Instruction for the entries that follow: retype exactly the lines from the line with "these give the" to the line with "geometric bound for", both included, and omit all others.

Collected data entries:

-------------------------

(* Let $G$ be a group, $E$ a real Banach space, and $f\colon G\to E$ such that $\|f(xy)+f(xy^{-1})-2f(x)\|\le c$ for all $x,y\in G$, where $c>0$. Define $c_1=c+2\|f(1)\|$, $c_2=c+\|f(1)\|$, $c_3=c+c_1$, and $c_m=c+c_1+c_{m-2}$ for $m>3$. Then for every integer $m>1$, every $k\in\mathbb{N}$ and every $x\in G$, $\|f(x^{m^k})-m^kf(x)\|\le c_m(1+m+\cdots+m^{k-1})$ and $\left\|\frac{1}{m^k}f(x^{m^k})-f(x)\right\|\le c_m$. *)

theory Defs
  imports "HOL-Analysis.Analysis" "HOL-Algebra.Group"
begin

text \<open>The constants c_m of the paper, as a function of c and a = norm (f 1):
  c_1 = c + 2a, c_2 = c + a, c_3 = c + c_1, c_m = c + c_1 + c_(m-2) for m > 3.
  The value at m = 0 is irrelevant (set to 0).\<close>
fun cconst :: "real \<Rightarrow> real \<Rightarrow> nat \<Rightarrow> real" where
  "cconst c a 0 = 0"
| "cconst c a (Suc 0) = c + 2 * a"
| "cconst c a (Suc (Suc 0)) = c + a"
| "cconst c a (Suc (Suc (Suc 0))) = c + (c + 2 * a)"
| "cconst c a (Suc (Suc (Suc (Suc n)))) = c + (c + 2 * a) + cconst c a (Suc (Suc n))"

end

theory Submission
  imports Defs
begin

text \<open>Taking \<open>x = \<one>\<close> in the hypothesis shows that \<open>f y + f (inv y)\<close> is bounded, and taking
  \<open>y = x [^] (n + 1)\<close> relates \<open>f (x [^] (n + 2))\<close> to \<open>2 f x - f (inv (x [^] n))\<close>. Together
  these give the two-step recursion behind the constants \<open>c\<^sub>m\<close>:
  \<open>\<parallel>f (x [^] (n + 2)) - (n + 2) f x\<parallel> \<le> c + c\<^sub>1 + \<parallel>f (x [^] n) - n f x\<parallel>\<close>, hence
  \<open>\<parallel>f (x [^] m) - m f x\<parallel> \<le> c\<^sub>m\<close>. Iterating \<open>y \<mapsto> y [^] m\<close> turns this into a geometric bound for
  \<open>x [^] (m ^ k)\<close>, and \<open>1 + m + \<dots> + m ^ (k - 1) \<le> m ^ k\<close> yields the normalised estimate.\<close>

locale approx_jensen = group G for G (structure) +
  fixes f :: "'g \<Rightarrow> 'e::real_normed_vector" and c :: real
  assumes jensen_defect_le:
    "\<And>x y. x \<in> carrier G \<Longrightarrow> y \<in> carrier G \<Longrightarrow> norm (f (x \<otimes> y) + f (x \<otimes> inv y) - 2 *\<^sub>R f x) \<le> c"
begin

lemma defect_bound_nonneg: "0 \<le> c"
  using jensen_defect_le[of \<one> \<one>] by (simp add: scaleR_2)

lemma norm_add_inv_le: "y \<in> carrier G \<Longrightarrow> norm (f y + f (inv y)) \<le> c + 2 * norm (f \<one>)"
  using jensen_defect_le[of \<one> y] norm_triangle_sub[of "f y + f (inv y)" "2 *\<^sub>R f \<one>"] by simp

lemma jensen_defect_pow_le:
  assumes x: "x \<in> carrier G"
  shows "norm (f (x [^] Suc (Suc n)) + f (inv (x [^] n)) - 2 *\<^sub>R f x) \<le> c"
proof -
  have "x [^] Suc (Suc n) = x \<otimes> x [^] Suc n"
    using x nat_pow_Suc2 by blast
  moreover have "x \<otimes> inv (x [^] Suc n) = inv (x [^] n)"
    using x by (simp add: inv_mult_group m_assoc[symmetric])
  ultimately show ?thesis
    using jensen_defect_le[of x "x [^] Suc n"] x by simp
qed

lemma norm_pow_two_deviation_le:
  assumes x: "x \<in> carrier G"
  shows "norm (f (x [^] (2::nat)) - 2 *\<^sub>R f x) \<le> c + norm (f \<one>)"
proof -
  have "f (x [^] (2::nat)) - 2 *\<^sub>R f x
      = (f (x [^] Suc (Suc 0)) + f (inv (x [^] (0::nat))) - 2 *\<^sub>R f x) - f \<one>"
    by (simp add: numeral_2_eq_2)
  also have "norm \<dots> \<le> norm (f (x [^] Suc (Suc 0)) + f (inv (x [^] (0::nat))) - 2 *\<^sub>R f x) + norm (f \<one>)"
    by (rule norm_triangle_ineq4)
  also have "\<dots> \<le> c + norm (f \<one>)"
    by (intro add_right_mono jensen_defect_pow_le x)
  finally show ?thesis .
qed

lemma norm_pow_add_two_deviation_le:
  assumes x: "x \<in> carrier G"
  shows "norm (f (x [^] (n + 2)) - real (n + 2) *\<^sub>R f x)
    \<le> c + (c + 2 * norm (f \<one>)) + norm (f (x [^] n) - real n *\<^sub>R f x)"
proof -
  let ?y = "inv (x [^] n)"
  have "f (x [^] (n + 2)) - real (n + 2) *\<^sub>R f x
      = (f (x [^] Suc (Suc n)) + f ?y - 2 *\<^sub>R f x) - (f (x [^] n) + f ?y)
        + (f (x [^] n) - real n *\<^sub>R f x)"
    by (simp add: algebra_simps)
  also have "norm \<dots> \<le> norm (f (x [^] Suc (Suc n)) + f ?y - 2 *\<^sub>R f x)
      + norm (f (x [^] n) + f ?y) + norm (f (x [^] n) - real n *\<^sub>R f x)"
    by (rule order_trans[OF norm_triangle_ineq add_right_mono[OF norm_triangle_ineq4]])
  also have "\<dots> \<le> c + (c + 2 * norm (f \<one>)) + norm (f (x [^] n) - real n *\<^sub>R f x)"
    using jensen_defect_pow_le[OF x] norm_add_inv_le x by (intro add_mono) auto
  finally show ?thesis .
qed

lemma norm_pow_deviation_le_cconst:
  assumes x: "x \<in> carrier G"
  shows "1 \<le> n \<Longrightarrow> norm (f (x [^] n) - real n *\<^sub>R f x) \<le> cconst c (norm (f \<one>)) n"
proof (induction n rule: nat_induct2)
  case 1
  show ?case using defect_bound_nonneg x by simp
next
  case (step n)
  consider "n = 0" | "n = 1" | p where "n = Suc (Suc p)"
    by (metis One_nat_def not0_implies_Suc)
  then show ?case
  proof cases
    case 1
    then show ?thesis using norm_pow_two_deviation_le[OF x] by (simp add: numeral_2_eq_2)
  next
    case 2
    then show ?thesis using norm_pow_add_two_deviation_le[OF x, of 1] x by simp
  next
    case 3
    then show ?thesis
      using norm_pow_add_two_deviation_le[OF x, of n] step.IH by (simp add: numeral_2_eq_2)
  qed
qed simp

end

lemma (in monoid) norm_pow_power_deviation_le:
  fixes f :: "'a \<Rightarrow> 'e::real_normed_vector"
  assumes bound: "\<And>y. y \<in> carrier G \<Longrightarrow> norm (f (y [^] m) - real m *\<^sub>R f y) \<le> C"
    and x: "x \<in> carrier G"
  shows "norm (f (x [^] (m ^ k)) - real (m ^ k) *\<^sub>R f x) \<le> C * (\<Sum>i<k. real m ^ i)"
proof (induction k)
  case 0
  then show ?case using x by simp
next
  case (Suc k)
  define y where "y = x [^] (m ^ k)"
  have y: "y \<in> carrier G" using x y_def by simp
  have "f (x [^] (m ^ Suc k)) - real (m ^ Suc k) *\<^sub>R f x
      = (f (y [^] m) - real m *\<^sub>R f y) + real m *\<^sub>R (f y - real (m ^ k) *\<^sub>R f x)"
    using x by (simp add: y_def nat_pow_pow mult.commute algebra_simps)
  also have "norm \<dots> \<le> norm (f (y [^] m) - real m *\<^sub>R f y) + real m * norm (f y - real (m ^ k) *\<^sub>R f x)"
    by (rule order_trans[OF norm_triangle_ineq]) simp
  also have "\<dots> \<le> C + real m * (C * (\<Sum>i<k. real m ^ i))"
    using bound[OF y] Suc.IH y_def by (intro add_mono mult_left_mono) auto
  also have "\<dots> = C * (1 + real m * (\<Sum>i<k. real m ^ i))"
    by (simp add: algebra_simps)
  also have "1 + real m * (\<Sum>i<k. real m ^ i) = (\<Sum>i<Suc k. real m ^ i)"
    by (simp only: sum.lessThan_Suc_shift sum_distrib_left power_Suc power_0)
  finally show ?case .
qed

lemma sum_powers_le_power:
  fixes m :: real
  assumes "2 \<le> m"
  shows "(\<Sum>i<k. m ^ i) \<le> m ^ k"
proof (induction k)
  case (Suc k)
  have "(\<Sum>i<Suc k. m ^ i) = (\<Sum>i<k. m ^ i) + m ^ k"
    by simp
  also have "\<dots> \<le> 2 * m ^ k"
    using Suc.IH by simp
  also have "\<dots> \<le> m * m ^ k"
    using assms by (intro mult_right_mono) auto
  finally show ?case
    by simp
qed simp

lemma norm_scaled_deviation_le:
  fixes u v :: "'e::real_normed_vector"
  assumes "norm (u - N *\<^sub>R v) \<le> C * S" and "0 \<le> C" and "S \<le> N" and "0 < N"
  shows "norm ((1 / N) *\<^sub>R u - v) \<le> C"
proof -
  have "(1 / N) *\<^sub>R u - v = (1 / N) *\<^sub>R (u - N *\<^sub>R v)"
    using \<open>0 < N\<close> by (simp add: scaleR_diff_right)
  then have "norm ((1 / N) *\<^sub>R u - v) = norm (u - N *\<^sub>R v) / N"
    using \<open>0 < N\<close> by simp
  also have "\<dots> \<le> C * S / N"
    using assms(1,4) by (intro divide_right_mono) auto
  also have "\<dots> \<le> C * N / N"
    using assms(2-4) by (intro divide_right_mono mult_left_mono) auto
  finally show ?thesis
    using \<open>0 < N\<close> by simp
qed

theorem lemma2p4:
  fixes G (structure) and f :: "'g \<Rightarrow> 'e::banach" and c :: real
  assumes "group G"
    and "c > 0"
    and "\<And>x y. x \<in> carrier G \<Longrightarrow> y \<in> carrier G \<Longrightarrow>
           norm (f (x \<otimes> y) + f (x \<otimes> inv y) - 2 *\<^sub>R f x) \<le> c"
    and "m > (1::nat)"
    and "x \<in> carrier G"
  shows "norm (f (x [^] (m ^ k)) - real (m ^ k) *\<^sub>R f x)
           \<le> cconst c (norm (f \<one>)) m * (\<Sum>i<k. real m ^ i)
       \<and> norm ((1 / real (m ^ k)) *\<^sub>R f (x [^] (m ^ k)) - f x)
           \<le> cconst c (norm (f \<one>)) m"
proof -
  interpret approx_jensen G f c
    using assms(1,3) by (simp add: approx_jensen_def approx_jensen_axioms_def)
  let ?C = "cconst c (norm (f \<one>)) m"
  have base: "norm (f (y [^] m) - real m *\<^sub>R f y) \<le> ?C" if "y \<in> carrier G" for y
    using norm_pow_deviation_le_cconst[OF that] assms(4) by simp
  have "norm (f (x [^] (m ^ k)) - real (m ^ k) *\<^sub>R f x) \<le> ?C * (\<Sum>i<k. real m ^ i)"
    by (rule norm_pow_power_deviation_le[where f = f, OF base assms(5)])
  moreover have "0 \<le> ?C"
    using base[OF assms(5)] norm_ge_zero order_trans by blast
  moreover have "(\<Sum>i<k. real m ^ i) \<le> real (m ^ k)"
    using sum_powers_le_power[of "real m" k] assms(4) by simp
  moreover have "0 < real (m ^ k)"
    using assms(4) by simp
  ultimately show ?thesis
    using norm_scaled_deviation_le by blast
qed

end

-------------------------

### Written response
  these give the two-step recursion behind the constants \<open>c\<^sub>m\<close>:
  \<open>\<parallel>f (x [^] (n + 2)) - (n + 2) f x\<parallel> \<le> c + c\<^sub>1 + \<parallel>f (x [^] n) - n f x\<parallel>\<close>, hence
  \<open>\<parallel>f (x [^] m) - m f x\<parallel> \<le> c\<^sub>m\<close>. Iterating \<open>y \<mapsto> y [^] m\<close> turns this into a geometric bound for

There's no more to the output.